Step 4: Add Feedback Scoring

When customers rate answers with thumbs up/down, Maya sends that feedback to Langfuse to track quality over time.

python
# feedback.py — Record customer feedback as Langfuse scores
from langfuse import Langfuse

langfuse = Langfuse()

def record_feedback(trace_id: str, helpful: bool, comment: str = ""):
    """Record customer feedback on a support answer."""
    langfuse.score(
        trace_id=trace_id,
        name="customer-feedback",
        value=1 if helpful else 0,
        comment=comment,
    )
    langfuse.flush()

# After a customer clicks thumbs up
record_feedback("trace-abc-123", helpful=True, comment="Solved my problem!")

Step 5: Deploy as a FastAPI Service

python
# api.py — FastAPI wrapper for the support bot with session management
from fastapi import FastAPI
from pydantic import BaseModel
import uuid

app = FastAPI(title="Support Bot API")

class ChatRequest(BaseModel):
    question: str
    user_id: str
    session_id: str | None = None

class ChatResponse(BaseModel):
    answer: str
    session_id: str
    trace_id: str

@app.post("/chat", response_model=ChatResponse)
async def chat(req: ChatRequest):
    session_id = req.session_id or str(uuid.uuid4())

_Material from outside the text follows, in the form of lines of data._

(* Let $f:[0,1]\to\mathbb{R}$ be a $C^2$ function such that $f'(0)\ge 0$, $\inf_{[0,1]} f''>0$, $f'''$ exists and is bounded on $(0,1)$, and $f'f'''-(f'')^2\le 0$ on $(0,1)$. Then there exist a compact set $K\subseteq\mathbb{R}^2$ of two-dimensional Lebesgue measure $0$ and a constant $c>0$ such that for every $a\in[1,2]$, $K$ contains a translated copy of a piece of length at least $c$ of the graph of $x\mapsto af(x)$, i.e. there exist $(x_1,x_2)\in\mathbb{R}^2$ and an interval $I_a\subseteq[0,1]$ of length at least $c$ with $\{(x_1+t,\,x_2+af(t)):t\in I_a\}\subseteq K$. Moreover, there is a constant $C$ such that $|K(\delta)|\le C(\log\delta^{-1})^{-2}$ for all sufficiently small $\delta>0$. Consequently, for all $p,q\in[1,\infty]$ there is $c_{p,q}>0$ independent of $\delta$ with $$R(p,q,\delta)\ge c_{p,q}(\log\delta^{-1})^{2/p}$$ for all sufficiently small $\delta>0$. In particular, $R(p,q)=\infty$ whenever $p<\infty$.
   Context: For $S\subseteq\mathbb{R}^2$ and $\delta>0$, the vertical $\delta$-thickening is $S(\delta):=\{x+(0,\varepsilon): x\in S,\ -\delta\le\varepsilon\le\delta\}$. For $g:\mathbb{R}^2\to\mathbb{C}$ and $a\in[1,2]$ define $$\mathcal R g(a)=\sup_{(x_1,x_2)\in\mathbb{R}^2}\int_0^1|g(x_1+t,\,x_2+af(t))|\,dt,\qquad \mathcal R_\delta g(a)=\sup_{(x_1,x_2)\in\mathbb{R}^2}(2\delta)^{-1}\int_0^1\int_{-\delta}^{\delta}|g(x_1+t,\,x_2+af(t)+s)|\,ds\,dt,$$ and for $p,q\in[1,\infty]$ let $R(p,q)=\sup_{g\ne0}\|\mathcal R g\|_{L^q([1,2])}/\|g\|_{L^p(\mathbb{R}^2)}$ and $R(p,q,\delta)=\sup_{g\ne0}\|\mathcal R_\delta g\|_{L^q([1,2])}/\|g\|_{L^p(\mathbb{R}^2)}$. $|\cdot|$ denotes Lebesgue measure. *)

theory Defs
  imports "HOL-Analysis.Analysis"
begin

text \<open>Real powers of extended nonnegative reals (used with positive exponents only).\<close>
definition enn_powr :: "ennreal \<Rightarrow> real \<Rightarrow> ennreal" where
  "enn_powr x r = (if x = top then top else ennreal (enn2real x powr r))"

definition ess_sup_enn :: "'a measure \<Rightarrow> ('a \<Rightarrow> ennreal) \<Rightarrow> ennreal" where
  "ess_sup_enn M h = Inf {c. AE x in M. h x \<le> c}"

definition Lp_norm :: "'a measure \<Rightarrow> ennreal \<Rightarrow> ('a \<Rightarrow> ennreal) \<Rightarrow> ennreal" where
  "Lp_norm M p h =
     (if p = top then ess_sup_enn M h
      else enn_powr (\<integral>\<^sup>+ x. enn_powr (h x) (enn2real p) \<partial>M) (1 / enn2real p))"

definition vthick :: "(real \<times> real) set \<Rightarrow> real \<Rightarrow> (real \<times> real) set" where
  "vthick S \<delta> = {x + (0, \<epsilon>) | x \<epsilon>. x \<in> S \<and> -\<delta> \<le> \<epsilon> \<and> \<epsilon> \<le> \<delta>}"

definition Rop :: "(real \<Rightarrow> real) \<Rightarrow> (real \<times> real \<Rightarrow> complex) \<Rightarrow> real \<Rightarrow> ennreal" where
  "Rop f g a = (SUP x \<in> (UNIV :: (real \<times> real) set).
      \<integral>\<^sup>+ t. ennreal (norm (g (fst x + t, snd x + a * f t))) \<partial>(lebesgue_on {0..1}))"

definition Rop_delta :: "(real \<Rightarrow> real) \<Rightarrow> real \<Rightarrow> (real \<times> real \<Rightarrow> complex) \<Rightarrow> real \<Rightarrow> ennreal" where
  "Rop_delta f \<delta> g a = (SUP x \<in> (UNIV :: (real \<times> real) set).
      ennreal (1 / (2 * \<delta>)) *
      (\<integral>\<^sup>+ t. (\<integral>\<^sup>+ s. ennreal (norm (g (fst x + t, snd x + a * f t + s))) \<partial>(lebesgue_on {-\<delta>..\<delta>}))
        \<partial>(lebesgue_on {0..1})))"

definition Lp_test :: "ennreal \<Rightarrow> (real \<times> real \<Rightarrow> complex) set" where
  "Lp_test p = {g. g \<in> borel_measurable borel \<and>
      Lp_norm lebesgue p (\<lambda>x. ennreal (norm (g x))) \<noteq> 0 \<and>
      Lp_norm lebesgue p (\<lambda>x. ennreal (norm (g x))) < top}"

definition Rpq :: "(real \<Rightarrow> real) \<Rightarrow> ennreal \<Rightarrow> ennreal \<Rightarrow> ennreal" where
  "Rpq f p q = (SUP g \<in> Lp_test p.
      Lp_norm (lebesgue_on {1..2}) q (Rop f g) / Lp_norm lebesgue p (\<lambda>x. ennreal (norm (g x))))"

definition Rpq_delta :: "(real \<Rightarrow> real) \<Rightarrow> ennreal \<Rightarrow> ennreal \<Rightarrow> real \<Rightarrow> ennreal" where
  "Rpq_delta f p q \<delta> = (SUP g \<in> Lp_test p.
      Lp_norm (lebesgue_on {1..2}) q (Rop_delta f \<delta> g) / Lp_norm lebesgue p (\<lambda>x. ennreal (norm (g x))))"

end

theory Submission
  imports Defs "HOL-Library.Discrete_Functions"
begin
lemma P_number_infinite:
  assumes "\<not> discrete_space X" "P_number X T"
  shows "infinite T"
proof
  assume "finite T"
  obtain \<F> where \<F>: "\<forall>U\<in>\<F>. openin X U" "\<F> \<lesssim> T" "\<not> openin X (topspace X \<inter> \<Inter>\<F>)"
    using assms unfolding P_number_def by auto
  have "finite \<F>"
    using \<open>finite T\<close> \<F>(2) unfolding lepoll_def by (meson finite_imageD finite_subset)
  then have "openin X (\<Inter>(insert (topspace X) \<F>))"
    using \<F>(1) by (intro openin_Inter) auto
  then show False
    using \<F>(3) by simp
qed

lemma P_closed_product:
  assumes "finite I" and P: "\<And>i. i \<in> I \<Longrightarrow> P_closed (X i) T"
  shows "P_closed (product_topology X I) T"
  unfolding P_closed_def
proof (intro allI impI)
  fix \<F> assume "(\<forall>U\<in>\<F>. openin (product_topology X I) U) \<and> \<F> \<prec> T"
  then have open_\<F>: "\<forall>U\<in>\<F>. openin (product_topology X I) U" and "\<F> \<prec> T"
    by auto
  show "openin (product_topology X I) (topspace (product_topology X I) \<inter> \<Inter>\<F>)"
    unfolding openin_product_topology_alt
  proof
    fix x assume x: "x \<in> topspace (product_topology X I) \<inter> \<Inter>\<F>"
    have "\<exists>V. (\<forall>i\<in>I. openin (X i) (V i)) \<and> x \<in> Pi\<^sub>E I V \<and> Pi\<^sub>E I V \<subseteq> U" if "U \<in> \<F>" for U
    proof -
      have "openin (product_topology X I) U" "x \<in> U"
        using open_\<F> x that by auto
      then show ?thesis
        unfolding openin_product_topology_alt by meson
    qed
    then have "\<forall>U\<in>\<F>. \<exists>V. (\<forall>i\<in>I. openin (X i) (V i)) \<and> x \<in> Pi\<^sub>E I V \<and> Pi\<^sub>E I V \<subseteq> U"
      by blast
    from bchoice[OF this] obtain V
      where V: "\<forall>U\<in>\<F>. (\<forall>i\<in>I. openin (X i) (V U i)) \<and> x \<in> Pi\<^sub>E I (V U) \<and> Pi\<^sub>E I (V U) \<subseteq> U"
      by blast
    define W where "W i = topspace (X i) \<inter> \<Inter>((\<lambda>U. V U i) ` \<F>)" for i
    have "openin (X i) (W i)" if "i \<in> I" for i
    proof -
      have "\<forall>U\<in>(\<lambda>U. V U i) ` \<F>. openin (X i) U"
        using V that by blast
      moreover have "(\<lambda>U. V U i) ` \<F> \<prec> T"
        using image_lepoll \<open>\<F> \<prec> T\<close> by (rule lesspoll_trans1)
      ultimately show ?thesis
        unfolding W_def by (rule P[OF that, unfolded P_closed_def, rule_format, OF conjI])
    qed
    moreover have "x \<in> Pi\<^sub>E I W"
      using x V by (auto simp: W_def PiE_iff)
    moreover have "Pi\<^sub>E I W \<subseteq> topspace (product_topology X I) \<inter> \<Inter>\<F>"
    proof (intro Int_greatest Inter_greatest)
      show "Pi\<^sub>E I W \<subseteq> topspace (product_topology X I)"
        by (auto simp: W_def PiE_iff)
      fix U assume "U \<in> \<F>"
      then have "Pi\<^sub>E I W \<subseteq> Pi\<^sub>E I (V U)"
        by (intro PiE_mono) (auto simp: W_def)
      also have "\<dots> \<subseteq> U"
        using V \<open>U \<in> \<F>\<close> by blast
      finally show "Pi\<^sub>E I W \<subseteq> U" .
    qed
    moreover have "finite {i \<in> I. W i \<noteq> topspace (X i)}"
      using assms(1) by simp
    ultimately show "\<exists>W. finite {i \<in> I. W i \<noteq> topspace (X i)} \<and> (\<forall>i\<in>I. openin (X i) (W i)) \<and>
                      x \<in> Pi\<^sub>E I W \<and> Pi\<^sub>E I W \<subseteq> topspace (product_topology X I) \<inter> \<Inter>\<F>"
      by blast
  qed
qed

    # answer_question from support_bot.py
    answer = answer_question(req.question, req.user_id, session_id)

    return ChatResponse(
        answer=answer,
        session_id=session_id,
        trace_id=session_id,  # Simplified — use actual Langfuse trace ID in production
    )

What Maya Achieved

After a week in production, Maya's dashboard in Langfuse shows:

  • 2,400 questions answered automatically, deflecting 60% of support tickets
  • Average response time of 1.8 seconds (vs. 4-hour human response)
  • 87% positive feedback from customers
  • $45/day in OpenAI costs — cheaper than one support agent's hourly rate

The traces in Langfuse help her identify knowledge gaps: questions that consistently get "I don't have information" responses become candidates for new help articles.